Baseball Analogies on Father’s Day

Baseball was my first love. I’ve been a Mets fan for a long time. I don’t remember the ‘69 Mets, but I do recall watching the ‘73 World Series. Once I moved to NJ, I started going to live games at Shea Stadium and now Citi Field. 

My wife and kids started a nice tradition where we’d go to a game together on Father’s Day. While I loved sharing the team with my family, they always lost that day! It was amazing and frustrating. The kids always wanted to buy a Mets jersey for me, but I told them that I didn’t want one until they won a game we went to.

When the Mets finally won on a Father’s Day, it was quite a doozy. After a very lackluster (and somewhat sloppy) 8 1/2 innings, the Mets were down 3-0 and we were just waiting for them to get their last 3 outs so we could work our way home. Then Marlon Byrd hit a solo home run, and it’s 3-1. Lucas Duda walks and John Buck singles – his first hit of the game.

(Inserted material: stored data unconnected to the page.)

lemma emeasure_uniform_simplex_Int_simplex2:
  assumes "A \<in> sets (lborel \<Otimes>\<^sub>M lborel)"
  shows "emeasure uniform_simplex (simplex2 \<inter> A) = emeasure uniform_simplex A"
  using emeasure_uniform_simplex[OF assms] emeasure_uniform_simplex[OF sets.Int[OF simplex2_in_sets assms]]
  by simp

lemma prob_space_uniform_simplex: "prob_space uniform_simplex"
proof
  have "space uniform_simplex \<in> sets (lborel \<Otimes>\<^sub>M lborel)"
    by (metis sets.top sets_uniform_simplex)
  moreover have "simplex2 \<inter> space uniform_simplex = {(a, b). 0 \<le> a \<and> 0 \<le> b \<and> a + b \<le> 1}"
    by (simp add: simplex2_def)
  ultimately show "emeasure uniform_simplex (space uniform_simplex) = 1"
    using emeasure_uniform_simplex emeasure_pair_lborel_triangle[of 0 0 1] ennreal_mult_2_half[of 1]
    by simp
qed

lemma emeasure_uniform_simplex_corner:
  fixes r t1 t2 t3 :: real
  assumes r: "0 < r" and t: "0 \<le> t1" "0 \<le> t2" "0 \<le> t3"
  shows "emeasure uniform_simplex (simplex2 \<inter> {(a, b). t1 \<le> r * a \<and> t2 \<le> r * b \<and> t3 \<le> r * (1 - a - b)})
    = ennreal (williamson_kernel (t1 + t2 + t3) r)"
proof -
  let ?C = "simplex2 \<inter> {(a, b). t1 \<le> r * a \<and> t2 \<le> r * b \<and> t3 \<le> r * (1 - a - b)}"
  have div_le: "t \<le> r * x \<longleftrightarrow> t / r \<le> x" for t x
    using r by (simp add: pos_divide_le_eq mult.commute)
  have "0 \<le> t1 / r" "0 \<le> t2 / r" "0 \<le> t3 / r"
    using r t by simp_all
  then have C: "?C = {(a, b). t1 / r \<le> a \<and> t2 / r \<le> b \<and> a + b \<le> 1 - t3 / r}"
    unfolding simplex2_def div_le by auto
  have sum: "t1 / r + t2 / r + t3 / r = (t1 + t2 + t3) / r"
    by (simp add: add_divide_distrib)
  have "(t1 + t2 + t3) / r \<le> 1 \<longleftrightarrow> t1 + t2 + t3 \<le> r"
    using r by (simp add: pos_divide_le_eq)
  then have cond: "t1 / r + t2 / r \<le> 1 - t3 / r \<longleftrightarrow> t1 + t2 + t3 \<le> r"
    using sum by linarith
  have side: "1 - t3 / r - t1 / r - t2 / r = 1 - (t1 + t2 + t3) / r"
    using sum by linarith
  have "?C \<in> sets (lborel \<Otimes>\<^sub>M lborel)"
    unfolding C by (rule sets_pair_lborel_Collect) measurable
  then have "emeasure uniform_simplex ?C = 2 * emeasure (lborel \<Otimes>\<^sub>M lborel) ?C"
    using emeasure_uniform_simplex by (simp add: Int_absorb1)
  also have "\<dots> = ennreal (williamson_kernel (t1 + t2 + t3) r)"
    unfolding C emeasure_pair_lborel_triangle cond side williamson_kernel_def
    by (simp add: ennreal_mult_2_half)
  finally show ?thesis .
qed

lemma Times_in_sets_borel3:
  fixes A B C :: "real set"
  assumes "A \<in> sets borel" "B \<in> sets borel" "C \<in> sets borel"
  shows "A \<times> B \<times> C \<in> sets (borel :: (real \<times> real \<times> real) measure)"
  unfolding borel_prod[symmetric] using assms by (intro pair_measureI) auto

lemma emeasure_uniform_simplex_thresholds:
  fixes g :: "real \<Rightarrow> real"
  assumes r: "0 < r" and g [measurable]: "g \<in> borel_measurable borel"
    and t: "0 \<le> t1" "0 \<le> t2" "0 \<le> t3"
    and g_le: "\<And>x. 0 \<le> x \<Longrightarrow> g x \<le> u1 \<longleftrightarrow> t1 \<le> x" "\<And>x. 0 \<le> x \<Longrightarrow> g x \<le> u2 \<longleftrightarrow> t2 \<le> x"
      "\<And>x. 0 \<le> x \<Longrightarrow> g x \<le> u3 \<longleftrightarrow> t3 \<le> x"
  shows "emeasure uniform_simplex {(a, b). g (r * a) \<le> u1 \<and> g (r * b) \<le> u2 \<and> g (r * (1 - a - b)) \<le> u3}
    = ennreal (williamson_kernel (t1 + t2 + t3) r)"
proof -
  let ?A = "{(a, b). g (r * a) \<le> u1 \<and> g (r * b) \<le> u2 \<and> g (r * (1 - a - b)) \<le> u3}"
  have "0 \<le> r * a" "0 \<le> r * b" "0 \<le> r * (1 - a - b)" if "(a, b) \<in> simplex2" for a b
    using that r by (simp_all add: simplex2_def)
  then have corner: "simplex2 \<inter> ?A = simplex2 \<inter> {(a, b). t1 \<le> r * a \<and> t2 \<le> r * b \<and> t3 \<le> r * (1 - a - b)}"
    using g_le by auto
  have "?A \<in> sets (lborel \<Otimes>\<^sub>M lborel)"
    by (intro sets_pair_lborel_Collect) measurable
  then have "emeasure uniform_simplex ?A = emeasure uniform_simplex (simplex2 \<inter> ?A)"
    by (simp add: emeasure_uniform_simplex_Int_simplex2)
  also have "\<dots> = ennreal (williamson_kernel (t1 + t2 + t3) r)"
    unfolding corner by (rule emeasure_uniform_simplex_corner[OF r t])
  finally show ?thesis .
qed

definition simplex_mixture :: "real measure \<Rightarrow> (real \<Rightarrow> real) \<Rightarrow> (real \<times> real \<times> real) measure" where
  "simplex_mixture \<rho> g = distr (\<rho> \<Otimes>\<^sub>M uniform_simplex) borel
     (\<lambda>(r, a, b). (g (r * a), g (r * b), g (r * (1 - a - b))))"

lemma measurable_simplex_mixture_map:
  fixes \<rho> :: "real measure" and g :: "real \<Rightarrow> real"
  assumes "sets \<rho> = sets borel" and [measurable]: "g \<in> borel_measurable borel"
  shows "(\<lambda>(r, a, b). (g (r * a), g (r * b), g (r * (1 - a - b)))) \<in> \<rho> \<Otimes>\<^sub>M uniform_simplex \<rightarrow>\<^sub>M borel"
  using assms(1)[measurable_cong] by measurable

lemma sets_simplex_mixture [simp]: "sets (simplex_mixture \<rho> g) = sets borel"
  by (simp add: simplex_mixture_def)

lemma prob_space_simplex_mixture:
  assumes "prob_space \<rho>" "sets \<rho> = sets borel" "g \<in> borel_measurable borel"
  shows "prob_space (simplex_mixture \<rho> g)"
  unfolding simplex_mixture_def
  by (intro prob_space.prob_space_distr prob_space_pair assms prob_space_uniform_simplex
      measurable_simplex_mixture_map)

lemma emeasure_simplex_mixture_box:
  fixes \<rho> :: "real measure" and g :: "real \<Rightarrow> real"
  assumes sets_\<rho>: "sets \<rho> = sets borel" and pos: "AE r in \<rho>. 0 < r"
    and g: "g \<in> borel_measurable borel" and t: "0 \<le> t1" "0 \<le> t2" "0 \<le> t3"
    and g_le: "\<And>x. 0 \<le> x \<Longrightarrow> g x \<le> u1 \<longleftrightarrow> t1 \<le> x" "\<And>x. 0 \<le> x \<Longrightarrow> g x \<le> u2 \<longleftrightarrow> t2 \<le> x"
      "\<And>x. 0 \<le> x \<Longrightarrow> g x \<le> u3 \<longleftrightarrow> t3 \<le> x"
  shows "emeasure (simplex_mixture \<rho> g) ({..u1} \<times> {..u2} \<times> {..u3})
    = (\<integral>\<^sup>+ r. ennreal (williamson_kernel (t1 + t2 + t3) r) \<partial>\<rho>)"
proof -
  interpret uniform_simplex: prob_space uniform_simplex
    by (rule prob_space_uniform_simplex)
  define f :: "real \<times> real \<times> real \<Rightarrow> real \<times> real \<times> real"
    where "f = (\<lambda>(r, a, b). (g (r * a), g (r * b), g (r * (1 - a - b))))"
  let ?B = "{..u1} \<times> {..u2} \<times> {..u3}"
  define E where "E = f -` ?B \<inter> space (\<rho> \<Otimes>\<^sub>M uniform_simplex)"
  have f: "f \<in> \<rho> \<Otimes>\<^sub>M uniform_simplex \<rightarrow>\<^sub>M borel"
    unfolding f_def using sets_\<rho> g by (rule measurable_simplex_mixture_map)
  have B: "?B \<in> sets borel"
    by (intro Times_in_sets_borel3) auto
  have E: "E \<in> sets (\<rho> \<Otimes>\<^sub>M uniform_simplex)"
    unfolding E_def using f B by (rule measurable_sets)
  have "emeasure (simplex_mixture \<rho> g) ?B = emeasure (\<rho> \<Otimes>\<^sub>M uniform_simplex) E"
    unfolding simplex_mixture_def E_def f_def[symmetric] using f B by (rule emeasure_distr)
  also have "\<dots> = (\<integral>\<^sup>+ r. emeasure uniform_simplex (Pair r -` E) \<partial>\<rho>)"
    using E by (rule uniform_simplex.emeasure_pair_measure_alt)
  also have "\<dots> = (\<integral>\<^sup>+ r. ennreal (williamson_kernel (t1 + t2 + t3) r) \<partial>\<rho>)"
  proof (rule nn_integral_cong_AE)
    show "AE r in \<rho>. emeasure uniform_simplex (Pair r -` E) = williamson_kernel (t1 + t2 + t3) r"
      using pos
    proof eventually_elim
      case (elim r)
      have "space \<rho> = UNIV"
        using sets_eq_imp_space_eq[OF sets_\<rho>] by simp
      then have "Pair r -` E = {(a, b). g (r * a) \<le> u1 \<and> g (r * b) \<le> u2 \<and> g (r * (1 - a - b)) \<le> u3}"
        by (auto simp: E_def f_def space_pair_measure)
      then show ?case
        using emeasure_uniform_simplex_thresholds[OF elim g t g_le] by simp
    qed
  qed
  finally show ?thesis .
qed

Runners on 1st and 2nd, no outs. A sacrifice bunt moves both players over to 2nd and 3rd. And then Kirk Nieuwenhuis – who is batting .097 for the year – gets up and cracks a LONG home run to right field…. Mets WIN!  4-3. A walk off home run to win the game in the ninth!

What an amazing feeling. I had never seen them win live up until that point – and to see them win like this – a walk off home run – the team mobbing Kirk at home plate – the pie in the face, the whole deal. Everybody was in a great mood – as we walked back to the car, people were yelling, honking horns, waving. My kids bought me a Mets shirt on the way out of the stadium!

We get home and my daughter and I go for a run – and on the run I start thinking about the game – about how we feel about the Mets overall this season (pretty awful) and how we felt today after the game (pretty psyched). Then (of course!) I started thinking about how this relates to start-ups.

I wrote about hitting singles – I’ve always felt it’s better to hit singles and get a few runs over the plate than to always swing for the fences. How did I feel now that I saw a 3-run home run instantly change everybody’s mood at today’s game, and finally get me my long-awaited Mets t-shirt?

It really didn’t change my opinion at all. The Mets are still a very bad team – today’s win notwithstanding. And, frankly, their backs were up against the wall today, they waited pretty much as long as they could to actually start producing. They had done NOTHING for 8 innings. Then they had one big surge and they can live off that happy feeling for one day. Tomorrow they start all over. But their offense is still horrible, they have big pitching and defensive holes to fill, and they are wildly inconsistent.

This strikes me as the same attributes of a struggling startup. Companies that are waiting for somebody to get up and hit a 3-run homer to salvage the quarter/year. There is a feeling of euphoria for that deal, everybody pats everybody on the back and we all feel great. Then we get up tomorrow and all the same issues await us – the lack of pipeline, the limited marketing, the product that doesn’t have the core features the salespeople say the customers want.

One of my favorite baseball people of all time was Casey Stengel – he managed the Mets for a short time when I was too young to really appreciate him. He loved small ball – hitting a bunt single, stealing bases, sacrificing runners over – basically doing whatever necessary to score 1 run every inning. If you could do that, you win pretty much every time you go out to play. It’s scrappy and fun. It’s consistent. It’s not sexy at all. And you ultimately win a lot more often than you lose.

So, while my first live Met’s win was an amazing day in pretty much every way, I’m still going to hope the Mets figure out how to field a team that can play and win consistently, and that doesn’t mean looking for a hero in the 9th inning every game. That is not a game winners play.